PROMPT: Taking each line of the records in turn, count those containing "case" and report only the number.

-.-.-

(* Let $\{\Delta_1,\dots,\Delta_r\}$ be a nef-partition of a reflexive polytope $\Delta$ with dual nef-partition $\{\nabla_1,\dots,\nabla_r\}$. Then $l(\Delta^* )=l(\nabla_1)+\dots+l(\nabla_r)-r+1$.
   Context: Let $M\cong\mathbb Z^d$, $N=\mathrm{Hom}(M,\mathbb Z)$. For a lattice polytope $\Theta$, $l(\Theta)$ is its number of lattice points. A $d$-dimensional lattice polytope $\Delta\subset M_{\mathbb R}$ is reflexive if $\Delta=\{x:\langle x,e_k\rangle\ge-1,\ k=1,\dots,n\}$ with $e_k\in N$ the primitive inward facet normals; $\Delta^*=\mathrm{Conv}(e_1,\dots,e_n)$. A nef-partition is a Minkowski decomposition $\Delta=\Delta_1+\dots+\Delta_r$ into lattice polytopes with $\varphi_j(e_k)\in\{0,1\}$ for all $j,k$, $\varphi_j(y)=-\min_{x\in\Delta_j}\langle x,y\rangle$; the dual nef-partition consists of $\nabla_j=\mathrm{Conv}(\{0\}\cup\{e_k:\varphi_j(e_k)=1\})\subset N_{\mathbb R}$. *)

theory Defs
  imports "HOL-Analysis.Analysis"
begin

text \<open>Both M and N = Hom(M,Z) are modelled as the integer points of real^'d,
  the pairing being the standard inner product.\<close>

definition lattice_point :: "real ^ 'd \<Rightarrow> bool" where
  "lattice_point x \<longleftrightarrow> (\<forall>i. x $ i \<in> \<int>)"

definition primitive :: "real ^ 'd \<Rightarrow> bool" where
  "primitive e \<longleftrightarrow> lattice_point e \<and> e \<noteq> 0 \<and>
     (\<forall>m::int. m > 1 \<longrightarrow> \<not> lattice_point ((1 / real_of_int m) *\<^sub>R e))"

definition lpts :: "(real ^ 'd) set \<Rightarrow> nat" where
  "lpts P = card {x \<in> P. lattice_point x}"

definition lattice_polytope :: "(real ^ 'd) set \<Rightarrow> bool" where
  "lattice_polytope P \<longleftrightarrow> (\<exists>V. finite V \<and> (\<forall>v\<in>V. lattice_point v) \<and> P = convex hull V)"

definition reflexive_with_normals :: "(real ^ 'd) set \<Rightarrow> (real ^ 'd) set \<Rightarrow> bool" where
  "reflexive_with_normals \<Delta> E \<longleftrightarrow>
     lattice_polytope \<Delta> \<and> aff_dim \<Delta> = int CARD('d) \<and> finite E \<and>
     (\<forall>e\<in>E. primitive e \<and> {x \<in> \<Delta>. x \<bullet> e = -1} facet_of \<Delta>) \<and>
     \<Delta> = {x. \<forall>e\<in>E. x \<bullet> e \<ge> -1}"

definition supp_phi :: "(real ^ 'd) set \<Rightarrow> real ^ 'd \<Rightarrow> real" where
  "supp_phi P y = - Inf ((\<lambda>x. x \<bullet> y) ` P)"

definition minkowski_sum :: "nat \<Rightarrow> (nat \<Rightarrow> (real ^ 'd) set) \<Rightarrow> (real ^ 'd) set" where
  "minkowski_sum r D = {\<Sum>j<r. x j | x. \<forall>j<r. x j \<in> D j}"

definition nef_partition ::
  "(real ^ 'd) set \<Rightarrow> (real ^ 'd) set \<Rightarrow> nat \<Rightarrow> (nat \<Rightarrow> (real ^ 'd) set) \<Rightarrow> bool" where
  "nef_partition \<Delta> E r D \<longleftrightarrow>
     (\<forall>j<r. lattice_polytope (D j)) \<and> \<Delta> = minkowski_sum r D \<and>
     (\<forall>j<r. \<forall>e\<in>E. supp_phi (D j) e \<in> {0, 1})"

-.-.-

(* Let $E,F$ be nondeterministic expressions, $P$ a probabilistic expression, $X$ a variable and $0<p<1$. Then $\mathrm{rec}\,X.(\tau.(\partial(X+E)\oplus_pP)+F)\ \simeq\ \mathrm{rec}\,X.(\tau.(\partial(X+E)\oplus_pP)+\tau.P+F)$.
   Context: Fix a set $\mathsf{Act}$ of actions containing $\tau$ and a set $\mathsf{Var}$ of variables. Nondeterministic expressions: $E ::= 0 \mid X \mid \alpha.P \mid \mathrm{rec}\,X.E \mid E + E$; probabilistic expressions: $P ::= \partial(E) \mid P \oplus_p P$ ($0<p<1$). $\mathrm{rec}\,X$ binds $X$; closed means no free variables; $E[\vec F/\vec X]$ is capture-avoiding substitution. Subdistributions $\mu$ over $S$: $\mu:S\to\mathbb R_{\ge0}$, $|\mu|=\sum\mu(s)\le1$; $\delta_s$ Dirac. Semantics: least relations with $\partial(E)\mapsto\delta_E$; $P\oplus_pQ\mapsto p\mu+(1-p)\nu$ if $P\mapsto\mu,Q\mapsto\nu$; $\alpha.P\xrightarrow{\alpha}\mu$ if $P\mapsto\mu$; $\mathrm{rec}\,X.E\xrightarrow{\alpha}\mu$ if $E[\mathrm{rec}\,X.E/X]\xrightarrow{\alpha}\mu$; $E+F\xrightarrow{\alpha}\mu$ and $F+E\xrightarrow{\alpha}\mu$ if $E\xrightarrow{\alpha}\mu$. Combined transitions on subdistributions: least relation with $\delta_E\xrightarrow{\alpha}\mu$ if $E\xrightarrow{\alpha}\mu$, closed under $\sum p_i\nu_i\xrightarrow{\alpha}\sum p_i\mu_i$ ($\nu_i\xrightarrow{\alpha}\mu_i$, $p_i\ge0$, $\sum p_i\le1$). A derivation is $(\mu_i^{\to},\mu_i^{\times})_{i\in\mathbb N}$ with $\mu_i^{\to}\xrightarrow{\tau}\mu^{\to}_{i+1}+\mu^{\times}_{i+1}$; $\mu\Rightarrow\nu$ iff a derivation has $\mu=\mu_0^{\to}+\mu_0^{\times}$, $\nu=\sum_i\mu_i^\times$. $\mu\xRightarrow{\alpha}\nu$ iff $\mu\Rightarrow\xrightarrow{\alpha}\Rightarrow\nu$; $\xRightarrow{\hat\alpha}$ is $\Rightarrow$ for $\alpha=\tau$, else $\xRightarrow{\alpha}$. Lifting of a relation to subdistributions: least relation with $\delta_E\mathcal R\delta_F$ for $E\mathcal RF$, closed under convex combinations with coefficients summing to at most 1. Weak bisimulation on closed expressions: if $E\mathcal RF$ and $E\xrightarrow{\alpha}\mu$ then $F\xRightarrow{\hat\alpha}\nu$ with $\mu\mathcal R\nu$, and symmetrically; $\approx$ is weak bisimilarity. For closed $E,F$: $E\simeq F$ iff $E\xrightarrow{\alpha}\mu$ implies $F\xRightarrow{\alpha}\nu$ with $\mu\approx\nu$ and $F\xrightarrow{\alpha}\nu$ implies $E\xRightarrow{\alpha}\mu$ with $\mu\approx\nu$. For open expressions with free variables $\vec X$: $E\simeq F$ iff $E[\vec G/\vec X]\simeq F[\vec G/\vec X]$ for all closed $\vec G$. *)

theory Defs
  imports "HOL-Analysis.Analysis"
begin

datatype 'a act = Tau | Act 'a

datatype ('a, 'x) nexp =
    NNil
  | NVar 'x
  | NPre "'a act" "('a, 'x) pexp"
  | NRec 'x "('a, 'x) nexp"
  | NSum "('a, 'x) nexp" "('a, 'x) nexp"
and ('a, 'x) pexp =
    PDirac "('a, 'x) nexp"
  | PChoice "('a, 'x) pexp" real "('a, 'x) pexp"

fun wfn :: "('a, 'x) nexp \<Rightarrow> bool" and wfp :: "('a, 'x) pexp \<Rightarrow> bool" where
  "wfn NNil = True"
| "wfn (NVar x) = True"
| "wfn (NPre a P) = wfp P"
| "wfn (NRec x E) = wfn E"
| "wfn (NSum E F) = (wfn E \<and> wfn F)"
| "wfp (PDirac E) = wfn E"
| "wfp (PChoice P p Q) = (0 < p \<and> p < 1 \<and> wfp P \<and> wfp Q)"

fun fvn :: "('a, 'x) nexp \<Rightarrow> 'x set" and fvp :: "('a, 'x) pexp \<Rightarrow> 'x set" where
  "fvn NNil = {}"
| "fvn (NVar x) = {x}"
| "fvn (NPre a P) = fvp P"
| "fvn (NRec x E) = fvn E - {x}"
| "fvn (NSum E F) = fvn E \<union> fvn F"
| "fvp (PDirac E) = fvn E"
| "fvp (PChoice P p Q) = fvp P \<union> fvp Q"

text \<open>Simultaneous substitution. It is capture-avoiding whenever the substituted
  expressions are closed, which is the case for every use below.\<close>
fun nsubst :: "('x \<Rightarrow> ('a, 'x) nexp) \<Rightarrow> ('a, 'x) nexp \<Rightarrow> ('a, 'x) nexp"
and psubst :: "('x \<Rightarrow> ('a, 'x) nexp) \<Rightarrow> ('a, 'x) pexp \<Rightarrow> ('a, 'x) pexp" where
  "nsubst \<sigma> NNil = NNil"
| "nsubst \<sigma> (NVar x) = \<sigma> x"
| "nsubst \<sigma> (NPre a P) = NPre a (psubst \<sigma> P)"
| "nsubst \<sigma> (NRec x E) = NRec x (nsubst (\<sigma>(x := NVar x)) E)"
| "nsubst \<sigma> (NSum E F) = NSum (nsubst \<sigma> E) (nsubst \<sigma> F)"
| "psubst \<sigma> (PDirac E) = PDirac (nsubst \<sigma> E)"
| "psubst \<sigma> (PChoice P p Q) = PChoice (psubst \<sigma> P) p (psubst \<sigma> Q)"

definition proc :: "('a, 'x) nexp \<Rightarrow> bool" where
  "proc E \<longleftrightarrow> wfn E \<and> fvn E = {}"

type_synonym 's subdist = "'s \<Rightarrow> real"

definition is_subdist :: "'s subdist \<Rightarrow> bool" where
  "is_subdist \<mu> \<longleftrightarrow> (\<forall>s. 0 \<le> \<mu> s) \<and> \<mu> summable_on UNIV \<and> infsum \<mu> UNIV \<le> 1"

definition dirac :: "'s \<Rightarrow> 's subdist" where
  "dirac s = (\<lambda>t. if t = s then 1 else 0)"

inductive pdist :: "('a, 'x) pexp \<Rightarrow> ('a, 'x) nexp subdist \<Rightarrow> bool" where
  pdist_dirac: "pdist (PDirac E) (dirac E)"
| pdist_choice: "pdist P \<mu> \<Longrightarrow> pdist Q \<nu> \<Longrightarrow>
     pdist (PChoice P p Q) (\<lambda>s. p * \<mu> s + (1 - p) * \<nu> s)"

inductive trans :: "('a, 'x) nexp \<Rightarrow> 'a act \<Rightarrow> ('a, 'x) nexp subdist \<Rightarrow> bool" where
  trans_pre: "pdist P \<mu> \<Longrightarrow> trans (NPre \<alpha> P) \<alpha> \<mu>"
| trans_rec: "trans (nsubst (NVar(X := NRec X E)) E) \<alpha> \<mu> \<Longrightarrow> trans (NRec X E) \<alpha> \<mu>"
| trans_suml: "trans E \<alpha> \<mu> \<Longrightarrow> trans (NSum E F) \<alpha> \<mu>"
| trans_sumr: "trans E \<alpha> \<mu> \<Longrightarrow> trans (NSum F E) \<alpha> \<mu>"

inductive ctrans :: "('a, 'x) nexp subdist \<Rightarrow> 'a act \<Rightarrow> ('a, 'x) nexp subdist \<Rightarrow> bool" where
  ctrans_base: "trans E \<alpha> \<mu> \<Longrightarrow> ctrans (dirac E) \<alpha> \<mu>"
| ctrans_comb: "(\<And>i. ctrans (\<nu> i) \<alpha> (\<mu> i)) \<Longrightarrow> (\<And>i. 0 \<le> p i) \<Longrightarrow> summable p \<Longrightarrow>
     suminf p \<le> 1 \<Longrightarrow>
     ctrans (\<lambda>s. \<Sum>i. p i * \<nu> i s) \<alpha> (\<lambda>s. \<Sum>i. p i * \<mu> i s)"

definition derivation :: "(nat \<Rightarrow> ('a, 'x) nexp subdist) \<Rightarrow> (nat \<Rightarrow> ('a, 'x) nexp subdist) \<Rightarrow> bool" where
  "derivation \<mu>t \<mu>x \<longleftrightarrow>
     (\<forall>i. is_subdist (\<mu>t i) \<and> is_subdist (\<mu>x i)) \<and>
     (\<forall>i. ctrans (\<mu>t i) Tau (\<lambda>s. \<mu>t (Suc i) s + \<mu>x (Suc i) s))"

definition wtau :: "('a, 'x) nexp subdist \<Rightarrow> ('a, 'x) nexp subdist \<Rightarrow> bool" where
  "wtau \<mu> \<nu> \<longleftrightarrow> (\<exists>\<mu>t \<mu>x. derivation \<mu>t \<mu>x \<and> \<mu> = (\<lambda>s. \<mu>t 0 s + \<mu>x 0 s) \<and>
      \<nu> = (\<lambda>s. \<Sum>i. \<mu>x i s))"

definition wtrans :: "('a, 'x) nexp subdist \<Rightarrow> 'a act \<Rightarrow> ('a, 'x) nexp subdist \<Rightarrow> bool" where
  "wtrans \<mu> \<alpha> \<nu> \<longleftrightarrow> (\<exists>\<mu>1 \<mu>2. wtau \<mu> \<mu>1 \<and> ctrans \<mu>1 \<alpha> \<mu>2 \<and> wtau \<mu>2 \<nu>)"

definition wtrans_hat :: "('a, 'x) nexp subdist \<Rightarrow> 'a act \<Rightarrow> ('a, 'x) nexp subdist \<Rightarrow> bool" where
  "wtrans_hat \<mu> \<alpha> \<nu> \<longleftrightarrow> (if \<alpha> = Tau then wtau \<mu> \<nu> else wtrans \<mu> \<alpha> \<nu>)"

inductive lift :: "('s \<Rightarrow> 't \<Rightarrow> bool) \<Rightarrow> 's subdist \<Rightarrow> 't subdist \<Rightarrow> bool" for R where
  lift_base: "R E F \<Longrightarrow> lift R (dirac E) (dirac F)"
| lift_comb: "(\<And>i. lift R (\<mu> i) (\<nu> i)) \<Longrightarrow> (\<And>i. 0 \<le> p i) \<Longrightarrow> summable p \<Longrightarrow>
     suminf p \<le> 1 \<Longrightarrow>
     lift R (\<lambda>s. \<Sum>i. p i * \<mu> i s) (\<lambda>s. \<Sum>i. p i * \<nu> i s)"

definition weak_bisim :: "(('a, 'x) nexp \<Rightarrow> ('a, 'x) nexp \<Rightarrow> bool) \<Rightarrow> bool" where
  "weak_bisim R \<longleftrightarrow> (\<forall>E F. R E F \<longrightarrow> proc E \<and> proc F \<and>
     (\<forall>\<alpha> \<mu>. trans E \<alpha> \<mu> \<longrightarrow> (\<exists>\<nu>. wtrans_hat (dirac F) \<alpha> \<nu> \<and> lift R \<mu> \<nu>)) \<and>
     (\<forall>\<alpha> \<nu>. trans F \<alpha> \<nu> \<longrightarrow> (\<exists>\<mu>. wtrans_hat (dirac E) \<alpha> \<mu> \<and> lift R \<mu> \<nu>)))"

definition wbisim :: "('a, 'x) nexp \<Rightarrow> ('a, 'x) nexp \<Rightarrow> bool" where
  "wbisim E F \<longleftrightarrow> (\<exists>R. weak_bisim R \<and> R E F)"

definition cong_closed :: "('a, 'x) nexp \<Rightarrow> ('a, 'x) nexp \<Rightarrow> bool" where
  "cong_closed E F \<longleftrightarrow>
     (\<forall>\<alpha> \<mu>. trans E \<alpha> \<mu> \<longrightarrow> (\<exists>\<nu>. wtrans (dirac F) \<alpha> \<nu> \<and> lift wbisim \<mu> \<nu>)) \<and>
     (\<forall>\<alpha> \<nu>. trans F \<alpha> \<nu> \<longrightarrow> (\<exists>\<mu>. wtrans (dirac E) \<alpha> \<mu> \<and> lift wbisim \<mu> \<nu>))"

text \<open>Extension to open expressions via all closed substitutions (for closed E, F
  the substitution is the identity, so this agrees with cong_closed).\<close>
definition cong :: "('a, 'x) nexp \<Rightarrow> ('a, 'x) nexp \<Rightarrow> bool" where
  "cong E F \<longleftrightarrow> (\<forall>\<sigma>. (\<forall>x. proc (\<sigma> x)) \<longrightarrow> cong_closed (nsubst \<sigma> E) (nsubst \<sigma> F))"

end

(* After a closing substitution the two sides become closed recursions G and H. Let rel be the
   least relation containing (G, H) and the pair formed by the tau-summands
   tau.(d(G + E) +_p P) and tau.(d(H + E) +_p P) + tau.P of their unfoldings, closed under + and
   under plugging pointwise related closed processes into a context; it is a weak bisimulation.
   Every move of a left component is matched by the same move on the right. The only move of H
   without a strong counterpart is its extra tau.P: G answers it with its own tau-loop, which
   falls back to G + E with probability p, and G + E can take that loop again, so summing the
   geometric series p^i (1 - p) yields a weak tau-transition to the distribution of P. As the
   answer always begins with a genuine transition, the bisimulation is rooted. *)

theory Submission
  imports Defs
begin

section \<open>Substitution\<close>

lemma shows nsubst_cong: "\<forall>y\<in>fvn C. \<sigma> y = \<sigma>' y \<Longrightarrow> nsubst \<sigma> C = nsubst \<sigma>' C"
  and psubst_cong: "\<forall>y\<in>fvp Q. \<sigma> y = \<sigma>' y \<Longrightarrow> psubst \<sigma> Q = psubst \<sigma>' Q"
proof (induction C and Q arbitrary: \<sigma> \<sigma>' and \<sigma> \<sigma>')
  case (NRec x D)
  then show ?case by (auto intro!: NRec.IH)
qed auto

-.-.-

WRITTEN RESPONSE: 3